The film’s plot is quite simple. Fleeing her tyrannical fiance, King Orvax of Atlantis, Queen Atlanna (Nicole Kidman) goes to the surface, where she falls in love with a lighthouse keeper named Thomas Curry (Temuera Morrison), and the two soon live together. But her peaceful life with him doesn’t last long, as Orvax’s forces eventually track her down, destroying their home, and Atlanna barely fights them off. She realizes she needs to leave Thomas and their son, Arthur, if they are to be safe. She is then forced to marry Orvax, and has a son with him named Orm (Patrick Wilson), who inherits the throne from Orvax when he dies. For her betrayal, Atlanna is banished to a place called the Trench, which is inhabited by the fishlike, savage “lost” tribe of Atlantis by the same name, where she was presumably devoured. 

We then focus on present-day Arthur Curry, the Aquaman, who has been helping out people here and there after the events of “Justice League”. It’s still not exactly clear what his relationship with Atlantis is, other than the fact that his presence is known by Vulko (Willem Dafoe), who has been his secret mentor growing up who has helped him master his Atlantian abilities, and Mera (Amber Heard), the princess of the Atlantian tribe of Xebel, and Orm’s fiancee; and we know he’s been to a small part of Atlantis in “Justice League.” But it seems that he’s never been to the capitol, and until his help defeating Steppenwolf, he’s been a blip on Atlantis’ radar. 

King Orm.

This all changes when Orm decides he wants to unite all the realms of Atlantis in an attempt to destroy the surface world for their pollution of the ocean.
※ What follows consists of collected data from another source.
(* Let $b\ge 2$ and let $G$ be a grid-labelled graph of type $(2,b)$ with at least one edge. Then $\rho(G)$ is separable if and only if $D(G)=D(\Gamma(G))$.
   Context: A grid-labelled graph of type $(a,b)$ is a simple graph $G$ whose vertex set is the grid $[a]\times[b]$; $D(G)$ is its degree matrix and $L(G)=D(G)-A(G)$ its combinatorial Laplacian. If $G$ has $m\ge1$ edges, $\rho(G)=L(G)/(2m)$ is a density matrix on $\mathbb{C}^a\otimes\mathbb{C}^b$ with vertex $(i,j)$ corresponding to $|i\rangle\otimes|j\rangle$. Separable means a convex combination of tensor products of density matrices. The partial transpose $\Gamma(G)$ is the grid-labelled graph of type $(a,b)$ with edge set $\{\{(k,j),(i,l)\}:\{(i,j),(k,l)\}\in E(G)\}$. *)

theory Defs
  imports Complex_Main
begin

text \<open>Grid-labelled graphs of type (a,b): vertex set [a] x [b], rendered 0-based as
  {0..<a} x {0..<b}. Operators on C^a (x) C^b are matrices indexed by grid vertices,
  vertex (i,j) corresponding to |i> (x) |j>.\<close>

type_synonym vertex = "nat \<times> nat"
type_synonym gmatrix = "vertex \<Rightarrow> vertex \<Rightarrow> complex"

definition grid :: "nat \<Rightarrow> nat \<Rightarrow> vertex set" where
  "grid a b = {0..<a} \<times> {0..<b}"

definition grid_graph :: "nat \<Rightarrow> nat \<Rightarrow> vertex set set \<Rightarrow> bool" where
  "grid_graph a b E \<longleftrightarrow>
     E \<subseteq> {{u, v} | u v. u \<in> grid a b \<and> v \<in> grid a b \<and> u \<noteq> v}"

definition deg :: "vertex set set \<Rightarrow> vertex \<Rightarrow> nat" where
  "deg E v = card {e \<in> E. v \<in> e}"

definition degree_matrix :: "vertex set set \<Rightarrow> gmatrix" where
  "degree_matrix E u v = (if u = v then of_nat (deg E u) else 0)"

definition adjacency_matrix :: "vertex set set \<Rightarrow> gmatrix" where
  "adjacency_matrix E u v = (if {u, v} \<in> E then 1 else 0)"

definition laplacian :: "vertex set set \<Rightarrow> gmatrix" where
  "laplacian E u v = degree_matrix E u v - adjacency_matrix E u v"

definition rho :: "vertex set set \<Rightarrow> gmatrix" where
  "rho E u v = laplacian E u v / of_nat (2 * card E)"

definition partial_transpose :: "vertex set set \<Rightarrow> vertex set set" where
  "partial_transpose E = {{(k, j), (i, l)} | i j k l. {(i, j), (k, l)} \<in> E}"

definition density :: "'i set \<Rightarrow> ('i \<Rightarrow> 'i \<Rightarrow> complex) \<Rightarrow> bool" where
  "density I M \<longleftrightarrow>
     (\<forall>x\<in>I. \<forall>y\<in>I. M x y = cnj (M y x)) \<and>
     (\<forall>w :: 'i \<Rightarrow> complex.
        Im (\<Sum>x\<in>I. \<Sum>y\<in>I. cnj (w x) * M x y * w y) = 0 \<and>
        Re (\<Sum>x\<in>I. \<Sum>y\<in>I. cnj (w x) * M x y * w y) \<ge> 0) \<and>
     (\<Sum>x\<in>I. M x x) = 1"

text \<open>Separability on C^a (x) C^b: a (finite) convex combination of tensor
  products A (x) B of density matrices, (A (x) B)((i,j),(k,l)) = A i k * B j l.\<close>
definition separable :: "nat \<Rightarrow> nat \<Rightarrow> gmatrix \<Rightarrow> bool" where
  "separable a b \<rho> \<longleftrightarrow>
     (\<exists>(n::nat) (p :: nat \<Rightarrow> real) (A :: nat \<Rightarrow> nat \<Rightarrow> nat \<Rightarrow> complex)
        (B :: nat \<Rightarrow> nat \<Rightarrow> nat \<Rightarrow> complex).
        (\<forall>k<n. p k \<ge> 0) \<and> (\<Sum>k<n. p k) = 1 \<and>
        (\<forall>k<n. density {0..<a} (A k) \<and> density {0..<b} (B k)) \<and>
        (\<forall>u\<in>grid a b. \<forall>v\<in>grid a b.
           \<rho> u v = (\<Sum>k<n. of_real (p k) * A k (fst u) (fst v) * B k (snd u) (snd v))))"

end

theory Submission
  imports Defs
begin

text \<open>
  Every row of the Laplacian L sums to zero, so the entries of rho add up to 0.
  For a separable rho = sum_k p_k A_k (x) B_k that total is sum_k p_k (1' A_k 1) (1' B_k 1), a sum of
  nonnegative terms, so in every term A_k 1 = 0 or B_k 1 = 0: a positive semidefinite form that
  vanishes at a vector annihilates it. Hence the rows of the partial transpose of rho sum to zero,
  and for the Laplacian these row sums are deg G - deg Gamma(G).

  Conversely, on two rows the edges inside a row have product Laplacians, while the edges
  {(0,p), (1,q)} form a digraph p -> q on [b] which is balanced exactly when D(G) = D(Gamma(G)).
  A balanced digraph is an arc-disjoint union of cycles, and the Laplacian of the edges
  (0, h i) - (1, h (i+1)) along a cycle of length k is separable: the discrete Fourier transform
  writes it as the average over m of the products of (1, - w^(-m)) and sum_i w^(m i) e_(h i),
  with w a primitive k-th root of unity.
\<close>

lemma density_trace: "density I A \<Longrightarrow> (\<Sum>i\<in>I. A i i) = 1"
  unfolding density_def by blast

lemma density_hermitian: "density I A \<Longrightarrow> x \<in> I \<Longrightarrow> y \<in> I \<Longrightarrow> A x y = cnj (A y x)"
  unfolding density_def by blast

lemma density_form_nonneg:
  assumes "density I A"
  shows "(\<Sum>x\<in>I. \<Sum>y\<in>I. cnj (w x) * A x y * w y) = of_real (Re (\<Sum>x\<in>I. \<Sum>y\<in>I. cnj (w x) * A x y * w y))"
    and "Re (\<Sum>x\<in>I. \<Sum>y\<in>I. cnj (w x) * A x y * w y) \<ge> 0"
proof -
  have "Im (\<Sum>x\<in>I. \<Sum>y\<in>I. cnj (w x) * A x y * w y) = 0"
    "Re (\<Sum>x\<in>I. \<Sum>y\<in>I. cnj (w x) * A x y * w y) \<ge> 0"
    using assms unfolding density_def by blast+
  then show "(\<Sum>x\<in>I. \<Sum>y\<in>I. cnj (w x) * A x y * w y) = of_real (Re (\<Sum>x\<in>I. \<Sum>y\<in>I. cnj (w x) * A x y * w y))"
    and "Re (\<Sum>x\<in>I. \<Sum>y\<in>I. cnj (w x) * A x y * w y) \<ge> 0"
    by (simp_all only: complex_eq_iff Re_complex_of_real Im_complex_of_real)
qed

lemma density_total_sum_nonneg:
  assumes "density I A"
  shows "(\<Sum>x\<in>I. \<Sum>y\<in>I. A x y) = of_real (Re (\<Sum>x\<in>I. \<Sum>y\<in>I. A x y))"
    and "Re (\<Sum>x\<in>I. \<Sum>y\<in>I. A x y) \<ge> 0"
  using density_form_nonneg[OF assms, of "\<lambda>_. 1"] by simp_all

lemma density_rank_one:
  fixes x :: "'i \<Rightarrow> complex"
  assumes "finite I" and "(\<Sum>i\<in>I. (cmod (x i))\<^sup>2) = s" and "s > 0"
  shows "density I (\<lambda>i j. x i * cnj (x j) / of_real s)"
  unfolding density_def
proof (intro conjI allI ballI)
  fix w :: "'i \<Rightarrow> complex"
  define z where "z = (\<Sum>i\<in>I. cnj (w i) * x i)"
  have "(\<Sum>i\<in>I. \<Sum>j\<in>I. cnj (w i) * (x i * cnj (x j) / of_real s) * w j) = z * cnj z / of_real s"
    unfolding z_def
    by (simp add: sum_distrib_left sum_distrib_right sum_divide_distrib mult_ac)
  also have "\<dots> = of_real ((cmod z)\<^sup>2 / s)"
    by (simp add: complex_norm_square[symmetric])
  finally have form: "(\<Sum>i\<in>I. \<Sum>j\<in>I. cnj (w i) * (x i * cnj (x j) / of_real s) * w j)
    = of_real ((cmod z)\<^sup>2 / s)" .
  show "Im (\<Sum>i\<in>I. \<Sum>j\<in>I. cnj (w i) * (x i * cnj (x j) / of_real s) * w j) = 0"
    unfolding form by simp
  show "0 \<le> Re (\<Sum>i\<in>I. \<Sum>j\<in>I. cnj (w i) * (x i * cnj (x j) / of_real s) * w j)"
    unfolding form using assms(3) by simp
next
  have "(\<Sum>i\<in>I. x i * cnj (x i)) = of_real s"
    using assms(2) by (simp flip: complex_norm_square of_real_sum of_real_power)
  then show "(\<Sum>i\<in>I. x i * cnj (x i) / of_real s) = 1"
    using assms(3) by (simp add: sum_divide_distrib[symmetric])
qed simp

lemma sum_norm_square_pos:
  fixes x :: "'i \<Rightarrow> complex"
  assumes "finite I" "i \<in> I" "x i \<noteq> 0"
  shows "(\<Sum>i\<in>I. (cmod (x i))\<^sup>2) > 0"
  using assms by (intro sum_pos2[of I i]) auto

lemma quadratic_nonneg_imp_linear_coeff_zero:
  fixes c d :: real
  assumes "\<And>t. 0 \<le> c * t + d * t\<^sup>2"
  shows "c = 0"
proof (rule ccontr)
  assume "c \<noteq> 0"
  define s where "s = \<bar>d\<bar> + 1"
  have "s > 0" "d < s"
    unfolding s_def by auto
  have "0 \<le> c * (- c / s) + d * (- c / s)\<^sup>2"
    by (rule assms)
  also have "\<dots> = c\<^sup>2 * (d - s) / s\<^sup>2"
    using \<open>s > 0\<close> by (simp add: field_simps power2_eq_square)
  also have "\<dots> < 0"
    using \<open>c \<noteq> 0\<close> \<open>s > 0\<close> \<open>d < s\<close> by (intro divide_neg_pos mult_pos_neg) auto
  finally show False by simp
qed

lemma density_form_zero_imp_kernel:
  assumes "finite I" "density I A" "(\<Sum>x\<in>I. \<Sum>y\<in>I. cnj (w x) * A x y * w y) = 0" "x \<in> I"
  shows "(\<Sum>y\<in>I. A x y * w y) = 0"
proof -
  define Q where "Q v = (\<Sum>x\<in>I. \<Sum>y\<in>I. cnj (v x) * A x y * v y)" for v
  define r where "r x = (\<Sum>y\<in>I. A x y * w y)" for x
  define N where "N = (\<Sum>x\<in>I. (cmod (r x))\<^sup>2)"
  have norm_sum: "(\<Sum>x\<in>I. cnj (r x) * r x) = of_real N"
    unfolding N_def by (simp add: mult.commute flip: complex_norm_square)
  have cross_rw: "(\<Sum>x\<in>I. \<Sum>y\<in>I. cnj (r x) * A x y * w y) = of_real N"
    unfolding norm_sum[symmetric] r_def by (simp add: sum_distrib_left mult.assoc)
  have cross_wr: "(\<Sum>x\<in>I. \<Sum>y\<in>I. cnj (w x) * A x y * r y) = of_real N"
  proof -
    have "(\<Sum>x\<in>I. cnj (w x) * A x y) = cnj (r y)" if "y \<in> I" for y
      unfolding r_def cnj_sum using density_hermitian[OF assms(2) _ that]
      by (intro sum.cong refl) (simp add: mult.commute)
    then show ?thesis
      unfolding norm_sum[symmetric]
      by (subst sum.swap) (simp add: sum_distrib_right[symmetric])
  qed
  have "Q (\<lambda>x. w x + of_real t * r x) = of_real (2 * t * N) + (of_real t)\<^sup>2 * Q r" for t
  proof -
    have "Q (\<lambda>x. w x + of_real t * r x) = (\<Sum>x\<in>I. \<Sum>y\<in>I. cnj (w x) * A x y * w y
        + of_real t * (cnj (w x) * A x y * r y) + of_real t * (cnj (r x) * A x y * w y)
        + (of_real t)\<^sup>2 * (cnj (r x) * A x y * r y))"
      unfolding Q_def by (intro sum.cong refl) (simp add: algebra_simps power2_eq_square)
    also have "\<dots> = Q w + of_real t * (\<Sum>x\<in>I. \<Sum>y\<in>I. cnj (w x) * A x y * r y)
        + of_real t * (\<Sum>x\<in>I. \<Sum>y\<in>I. cnj (r x) * A x y * w y) + (of_real t)\<^sup>2 * Q r"
      unfolding Q_def by (simp only: sum.distrib sum_distrib_left)
    finally show ?thesis
      using assms(3) unfolding Q_def cross_rw cross_wr by simp
  qed
  then have "0 \<le> 2 * N * t + Re (Q r) * t\<^sup>2" for t
    using density_form_nonneg(2)[OF assms(2), of "\<lambda>x. w x + of_real t * r x"]
    unfolding Q_def by (simp add: mult_ac)
  then have "2 * N = 0"
    by (rule quadratic_nonneg_imp_linear_coeff_zero)
  then have "r x = 0"
    unfolding N_def using assms(1,4) by (simp add: sum_nonneg_eq_0_iff)
  then show ?thesis
    unfolding r_def .
qed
Mera goes to the surface to ask Arthur for help, which he reluctantly agrees to after Mera saves his dad. 

Early in the film, Arthur also makes a huge mistake. He foils Jesse Kane (Michael Beach) and his son, David (Yahya Abdul-Mateen II), who are leaders of a group of pirates. Arthur defeats them both when they attempt to hijack a ship, but it results in the ship sinking, and Jesse gets trapped on the ship in a way only someone with superhuman strength can free him from, and instead of being the better man and saving him, Arthur walks away and lets him drown, which is pretty brutal. For the rest of the film, David conspires with Orm in exchange for Atlantean technology, eventually becoming the iconic super villain Black Manta, complete with his classic laser-vision helmet. 

Once at Atlantis, Arthur is immediately captured, and is given a chance to walk away, but instead decides to challenge Orm to an Atlantean duel, in which Arthur almost gets killed, but is narrowly saved by Mera. Out of options, the two embark on a quest to find a McGuffin called the Trident of Atlan, an artifact once belonging to Atlantis’ first ruler of the same name that will prove that he’s the true king of Atlantis. 

Meanwhile, Orm one by one tries to convince, then force, the ruler’s of a majority of Atlantis’s tribes to support his cause. He starts with King Nereus (Dolph Lundgren), who joins him through trickery, then kills King Ricou (voiced by Djimon Hounsou) of the fishlike humanoid Fisherman Kingdom when he refuses to join him, threatening further violence if the tribe does not comply. At this point, Orm is done with reasoning, and flat out decides to try to conquer the last functional Atlantean Kingdom, the crab-like Brine, led by the Brine King (John Rhys-Davies), which sets up a battle for the film’s climax. 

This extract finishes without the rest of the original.